- _WORK ITEM_:
Return the opening lines of the material, word for word. End with the line that contains "text \<open>The closed isosceles".

- _GIVEN ENTRIES_:
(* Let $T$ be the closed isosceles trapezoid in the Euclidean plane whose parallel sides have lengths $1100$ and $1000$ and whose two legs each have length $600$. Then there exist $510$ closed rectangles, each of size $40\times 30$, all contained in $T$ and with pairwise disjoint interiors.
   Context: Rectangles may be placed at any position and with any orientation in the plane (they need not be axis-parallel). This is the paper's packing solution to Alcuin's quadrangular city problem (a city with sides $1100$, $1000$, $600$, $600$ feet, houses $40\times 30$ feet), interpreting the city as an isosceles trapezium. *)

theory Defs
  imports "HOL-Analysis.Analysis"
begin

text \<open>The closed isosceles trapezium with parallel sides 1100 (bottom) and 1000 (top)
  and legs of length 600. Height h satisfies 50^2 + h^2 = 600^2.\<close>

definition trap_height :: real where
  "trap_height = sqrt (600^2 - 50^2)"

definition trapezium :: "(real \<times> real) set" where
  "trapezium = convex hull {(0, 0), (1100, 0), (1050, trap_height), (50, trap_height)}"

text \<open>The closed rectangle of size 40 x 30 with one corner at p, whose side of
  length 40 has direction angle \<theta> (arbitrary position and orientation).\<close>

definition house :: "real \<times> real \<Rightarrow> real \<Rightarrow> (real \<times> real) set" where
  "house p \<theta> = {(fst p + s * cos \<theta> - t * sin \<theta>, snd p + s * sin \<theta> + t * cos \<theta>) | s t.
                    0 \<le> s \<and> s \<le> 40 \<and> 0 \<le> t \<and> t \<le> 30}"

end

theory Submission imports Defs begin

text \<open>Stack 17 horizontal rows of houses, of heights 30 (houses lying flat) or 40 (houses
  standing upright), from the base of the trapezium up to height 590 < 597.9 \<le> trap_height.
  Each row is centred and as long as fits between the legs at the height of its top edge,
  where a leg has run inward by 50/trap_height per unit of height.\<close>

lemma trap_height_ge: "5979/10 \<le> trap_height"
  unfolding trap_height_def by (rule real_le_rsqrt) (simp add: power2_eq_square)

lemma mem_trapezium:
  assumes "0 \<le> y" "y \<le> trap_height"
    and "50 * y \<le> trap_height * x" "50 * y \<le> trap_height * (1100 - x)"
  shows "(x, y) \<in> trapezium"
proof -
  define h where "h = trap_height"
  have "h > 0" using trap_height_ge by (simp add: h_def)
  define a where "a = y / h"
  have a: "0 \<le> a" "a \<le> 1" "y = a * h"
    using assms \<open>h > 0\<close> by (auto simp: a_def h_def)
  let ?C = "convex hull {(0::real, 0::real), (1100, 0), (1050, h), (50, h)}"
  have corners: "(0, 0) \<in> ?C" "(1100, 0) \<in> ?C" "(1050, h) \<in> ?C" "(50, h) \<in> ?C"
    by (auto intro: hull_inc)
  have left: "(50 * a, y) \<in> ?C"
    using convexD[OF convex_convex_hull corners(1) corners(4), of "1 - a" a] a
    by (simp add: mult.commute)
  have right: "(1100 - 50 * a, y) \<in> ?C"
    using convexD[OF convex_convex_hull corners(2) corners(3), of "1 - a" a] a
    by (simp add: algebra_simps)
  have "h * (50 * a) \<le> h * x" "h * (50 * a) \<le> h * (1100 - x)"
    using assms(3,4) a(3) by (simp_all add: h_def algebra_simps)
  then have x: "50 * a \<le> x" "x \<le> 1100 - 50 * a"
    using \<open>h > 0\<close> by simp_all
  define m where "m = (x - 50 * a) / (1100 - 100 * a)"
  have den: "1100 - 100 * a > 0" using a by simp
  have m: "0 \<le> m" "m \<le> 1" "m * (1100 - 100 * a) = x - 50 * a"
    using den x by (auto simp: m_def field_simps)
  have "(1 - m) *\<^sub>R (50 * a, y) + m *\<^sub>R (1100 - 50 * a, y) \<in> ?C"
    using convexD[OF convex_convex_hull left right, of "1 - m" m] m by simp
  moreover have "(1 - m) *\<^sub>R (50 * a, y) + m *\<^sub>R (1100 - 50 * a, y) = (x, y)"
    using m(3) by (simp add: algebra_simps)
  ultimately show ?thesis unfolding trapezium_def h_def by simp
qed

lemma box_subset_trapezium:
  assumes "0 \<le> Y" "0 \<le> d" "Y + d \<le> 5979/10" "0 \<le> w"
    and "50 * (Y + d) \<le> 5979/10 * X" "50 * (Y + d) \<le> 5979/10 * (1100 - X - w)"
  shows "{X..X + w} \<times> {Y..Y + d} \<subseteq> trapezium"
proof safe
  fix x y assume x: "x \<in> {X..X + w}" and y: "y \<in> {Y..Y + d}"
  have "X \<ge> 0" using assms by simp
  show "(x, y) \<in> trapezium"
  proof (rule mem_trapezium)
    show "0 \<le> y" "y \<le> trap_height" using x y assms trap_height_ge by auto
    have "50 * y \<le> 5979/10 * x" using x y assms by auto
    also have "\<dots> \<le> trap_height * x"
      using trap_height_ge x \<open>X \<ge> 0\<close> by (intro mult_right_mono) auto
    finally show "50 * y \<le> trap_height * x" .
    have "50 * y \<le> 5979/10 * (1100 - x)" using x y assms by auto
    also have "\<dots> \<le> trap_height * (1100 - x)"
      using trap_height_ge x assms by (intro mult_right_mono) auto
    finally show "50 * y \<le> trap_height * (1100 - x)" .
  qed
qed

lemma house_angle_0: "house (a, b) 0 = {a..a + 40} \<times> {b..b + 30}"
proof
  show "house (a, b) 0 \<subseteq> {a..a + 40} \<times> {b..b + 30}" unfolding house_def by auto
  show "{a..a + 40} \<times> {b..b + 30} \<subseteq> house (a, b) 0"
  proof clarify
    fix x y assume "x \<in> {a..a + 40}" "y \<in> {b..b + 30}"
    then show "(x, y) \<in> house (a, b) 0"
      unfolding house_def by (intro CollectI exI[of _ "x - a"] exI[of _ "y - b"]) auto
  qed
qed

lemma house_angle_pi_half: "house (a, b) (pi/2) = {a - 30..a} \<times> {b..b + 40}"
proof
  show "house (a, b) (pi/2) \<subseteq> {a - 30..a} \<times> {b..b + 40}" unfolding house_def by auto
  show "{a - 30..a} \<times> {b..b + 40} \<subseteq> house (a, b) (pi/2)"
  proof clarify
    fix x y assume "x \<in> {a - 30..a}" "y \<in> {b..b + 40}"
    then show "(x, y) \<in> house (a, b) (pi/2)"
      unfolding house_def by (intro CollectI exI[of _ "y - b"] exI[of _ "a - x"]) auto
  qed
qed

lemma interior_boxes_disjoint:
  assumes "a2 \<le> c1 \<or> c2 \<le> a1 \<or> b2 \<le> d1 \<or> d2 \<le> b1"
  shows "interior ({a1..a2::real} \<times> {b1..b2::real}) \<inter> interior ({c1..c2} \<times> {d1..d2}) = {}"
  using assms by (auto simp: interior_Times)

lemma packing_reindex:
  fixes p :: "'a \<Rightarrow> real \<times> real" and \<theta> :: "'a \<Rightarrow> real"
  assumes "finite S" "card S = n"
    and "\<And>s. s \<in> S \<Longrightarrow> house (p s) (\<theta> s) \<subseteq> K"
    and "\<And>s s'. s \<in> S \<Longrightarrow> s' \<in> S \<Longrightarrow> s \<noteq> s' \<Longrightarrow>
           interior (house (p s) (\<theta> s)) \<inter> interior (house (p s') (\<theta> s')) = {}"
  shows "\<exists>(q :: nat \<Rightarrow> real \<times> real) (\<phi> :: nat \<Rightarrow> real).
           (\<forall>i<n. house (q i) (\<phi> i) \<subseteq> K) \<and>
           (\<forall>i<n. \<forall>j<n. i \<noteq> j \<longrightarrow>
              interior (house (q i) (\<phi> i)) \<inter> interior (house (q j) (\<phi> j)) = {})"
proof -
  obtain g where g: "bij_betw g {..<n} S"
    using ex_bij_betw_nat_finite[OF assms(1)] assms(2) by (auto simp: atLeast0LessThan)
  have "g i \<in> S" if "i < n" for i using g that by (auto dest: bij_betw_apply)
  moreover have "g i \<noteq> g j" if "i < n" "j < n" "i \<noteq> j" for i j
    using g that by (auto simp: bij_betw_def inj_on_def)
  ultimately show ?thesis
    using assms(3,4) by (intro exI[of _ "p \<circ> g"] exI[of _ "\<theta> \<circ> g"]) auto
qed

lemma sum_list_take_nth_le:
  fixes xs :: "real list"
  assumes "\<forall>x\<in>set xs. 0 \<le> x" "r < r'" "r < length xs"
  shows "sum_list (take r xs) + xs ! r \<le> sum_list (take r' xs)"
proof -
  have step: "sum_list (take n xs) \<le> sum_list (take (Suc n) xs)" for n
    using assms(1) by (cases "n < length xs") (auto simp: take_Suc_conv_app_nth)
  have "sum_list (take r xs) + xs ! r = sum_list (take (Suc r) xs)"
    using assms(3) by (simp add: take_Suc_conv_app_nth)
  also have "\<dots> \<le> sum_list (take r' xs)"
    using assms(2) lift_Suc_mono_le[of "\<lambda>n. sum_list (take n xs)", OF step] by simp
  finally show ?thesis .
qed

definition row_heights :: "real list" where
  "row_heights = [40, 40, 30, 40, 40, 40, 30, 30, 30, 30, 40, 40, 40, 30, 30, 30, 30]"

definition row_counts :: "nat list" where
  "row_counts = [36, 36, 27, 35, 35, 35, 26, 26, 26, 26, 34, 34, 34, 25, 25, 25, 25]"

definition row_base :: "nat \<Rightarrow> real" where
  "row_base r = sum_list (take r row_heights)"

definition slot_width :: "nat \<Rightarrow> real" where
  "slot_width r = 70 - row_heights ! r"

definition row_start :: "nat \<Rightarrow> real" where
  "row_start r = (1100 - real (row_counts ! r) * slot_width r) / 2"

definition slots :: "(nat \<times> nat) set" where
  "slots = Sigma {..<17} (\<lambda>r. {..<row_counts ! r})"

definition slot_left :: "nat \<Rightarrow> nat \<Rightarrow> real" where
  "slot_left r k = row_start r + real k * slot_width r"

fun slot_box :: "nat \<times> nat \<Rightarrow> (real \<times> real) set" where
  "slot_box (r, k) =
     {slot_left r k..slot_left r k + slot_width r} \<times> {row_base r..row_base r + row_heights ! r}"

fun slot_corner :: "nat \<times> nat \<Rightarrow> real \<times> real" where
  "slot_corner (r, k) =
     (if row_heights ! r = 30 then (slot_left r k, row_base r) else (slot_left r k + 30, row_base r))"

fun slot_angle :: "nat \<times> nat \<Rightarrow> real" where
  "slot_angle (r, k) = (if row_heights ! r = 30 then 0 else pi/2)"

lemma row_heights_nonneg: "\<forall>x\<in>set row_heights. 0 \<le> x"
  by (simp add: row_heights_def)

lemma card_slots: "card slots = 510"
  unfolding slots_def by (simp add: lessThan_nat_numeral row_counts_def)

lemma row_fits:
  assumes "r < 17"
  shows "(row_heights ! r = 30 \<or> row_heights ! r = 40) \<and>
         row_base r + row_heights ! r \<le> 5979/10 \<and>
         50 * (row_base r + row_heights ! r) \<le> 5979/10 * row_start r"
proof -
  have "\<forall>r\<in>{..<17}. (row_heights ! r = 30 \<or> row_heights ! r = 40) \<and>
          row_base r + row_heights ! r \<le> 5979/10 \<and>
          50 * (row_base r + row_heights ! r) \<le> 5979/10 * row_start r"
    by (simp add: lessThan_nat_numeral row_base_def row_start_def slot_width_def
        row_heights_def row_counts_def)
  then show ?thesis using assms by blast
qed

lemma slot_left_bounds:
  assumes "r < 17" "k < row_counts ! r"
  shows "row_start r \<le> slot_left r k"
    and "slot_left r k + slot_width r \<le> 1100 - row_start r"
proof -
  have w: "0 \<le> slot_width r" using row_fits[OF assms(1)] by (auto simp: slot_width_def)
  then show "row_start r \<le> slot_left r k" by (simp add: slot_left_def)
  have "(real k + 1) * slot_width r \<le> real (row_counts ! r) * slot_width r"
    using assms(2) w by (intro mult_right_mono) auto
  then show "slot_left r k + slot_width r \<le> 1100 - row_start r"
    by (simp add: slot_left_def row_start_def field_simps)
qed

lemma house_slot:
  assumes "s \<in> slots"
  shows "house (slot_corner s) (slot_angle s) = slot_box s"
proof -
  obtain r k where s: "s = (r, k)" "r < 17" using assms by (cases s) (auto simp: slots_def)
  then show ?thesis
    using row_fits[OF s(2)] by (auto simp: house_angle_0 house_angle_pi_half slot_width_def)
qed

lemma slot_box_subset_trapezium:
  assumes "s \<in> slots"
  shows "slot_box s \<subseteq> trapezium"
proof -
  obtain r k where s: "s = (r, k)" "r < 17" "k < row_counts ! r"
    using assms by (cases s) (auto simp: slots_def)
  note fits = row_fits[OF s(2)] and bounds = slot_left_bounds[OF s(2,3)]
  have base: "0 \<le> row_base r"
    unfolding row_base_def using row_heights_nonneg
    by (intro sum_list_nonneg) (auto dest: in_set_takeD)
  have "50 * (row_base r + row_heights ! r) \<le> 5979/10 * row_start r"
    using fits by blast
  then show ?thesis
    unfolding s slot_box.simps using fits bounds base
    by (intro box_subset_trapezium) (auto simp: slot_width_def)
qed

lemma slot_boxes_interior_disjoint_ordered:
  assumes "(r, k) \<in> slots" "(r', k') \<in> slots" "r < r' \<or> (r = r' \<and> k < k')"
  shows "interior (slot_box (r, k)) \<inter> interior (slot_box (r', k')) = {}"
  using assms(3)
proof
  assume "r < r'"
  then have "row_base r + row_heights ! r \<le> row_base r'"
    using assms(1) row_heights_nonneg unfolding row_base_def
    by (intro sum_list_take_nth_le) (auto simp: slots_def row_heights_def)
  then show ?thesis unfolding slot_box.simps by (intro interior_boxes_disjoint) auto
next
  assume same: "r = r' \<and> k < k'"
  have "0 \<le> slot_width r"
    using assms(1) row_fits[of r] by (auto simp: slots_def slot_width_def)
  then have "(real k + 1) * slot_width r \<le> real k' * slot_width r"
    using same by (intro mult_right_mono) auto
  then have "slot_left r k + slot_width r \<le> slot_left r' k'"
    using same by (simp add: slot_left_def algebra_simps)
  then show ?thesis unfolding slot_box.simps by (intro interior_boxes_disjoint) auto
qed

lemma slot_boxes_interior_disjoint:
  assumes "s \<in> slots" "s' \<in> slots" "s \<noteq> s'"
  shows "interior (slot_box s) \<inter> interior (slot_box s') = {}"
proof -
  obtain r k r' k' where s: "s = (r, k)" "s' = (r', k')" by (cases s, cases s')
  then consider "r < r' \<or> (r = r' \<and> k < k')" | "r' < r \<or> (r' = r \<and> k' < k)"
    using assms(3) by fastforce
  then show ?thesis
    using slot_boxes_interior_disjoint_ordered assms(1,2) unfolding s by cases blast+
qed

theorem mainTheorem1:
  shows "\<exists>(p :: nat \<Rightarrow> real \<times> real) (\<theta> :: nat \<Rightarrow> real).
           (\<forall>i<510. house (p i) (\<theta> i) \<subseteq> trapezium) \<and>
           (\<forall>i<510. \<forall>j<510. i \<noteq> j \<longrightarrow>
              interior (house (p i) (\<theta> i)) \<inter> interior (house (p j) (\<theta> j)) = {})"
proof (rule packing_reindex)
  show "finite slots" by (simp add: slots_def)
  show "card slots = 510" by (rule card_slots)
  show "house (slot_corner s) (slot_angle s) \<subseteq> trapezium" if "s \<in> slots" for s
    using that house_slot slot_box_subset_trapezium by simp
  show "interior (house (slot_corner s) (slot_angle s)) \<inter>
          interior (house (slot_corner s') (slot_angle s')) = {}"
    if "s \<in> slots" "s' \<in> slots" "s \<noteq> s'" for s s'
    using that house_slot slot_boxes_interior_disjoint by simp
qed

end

- _EXERCISE RESULT_:
(* Let $T$ be the closed isosceles trapezoid in the Euclidean plane whose parallel sides have lengths $1100$ and $1000$ and whose two legs each have length $600$. Then there exist $510$ closed rectangles, each of size $40\times 30$, all contained in $T$ and with pairwise disjoint interiors.
   Context: Rectangles may be placed at any position and with any orientation in the plane (they need not be axis-parallel). This is the paper's packing solution to Alcuin's quadrangular city problem (a city with sides $1100$, $1000$, $600$, $600$ feet, houses $40\times 30$ feet), interpreting the city as an isosceles trapezium. *)

theory Defs
  imports "HOL-Analysis.Analysis"
begin

text \<open>The closed isosceles trapezium with parallel sides 1100 (bottom) and 1000 (top)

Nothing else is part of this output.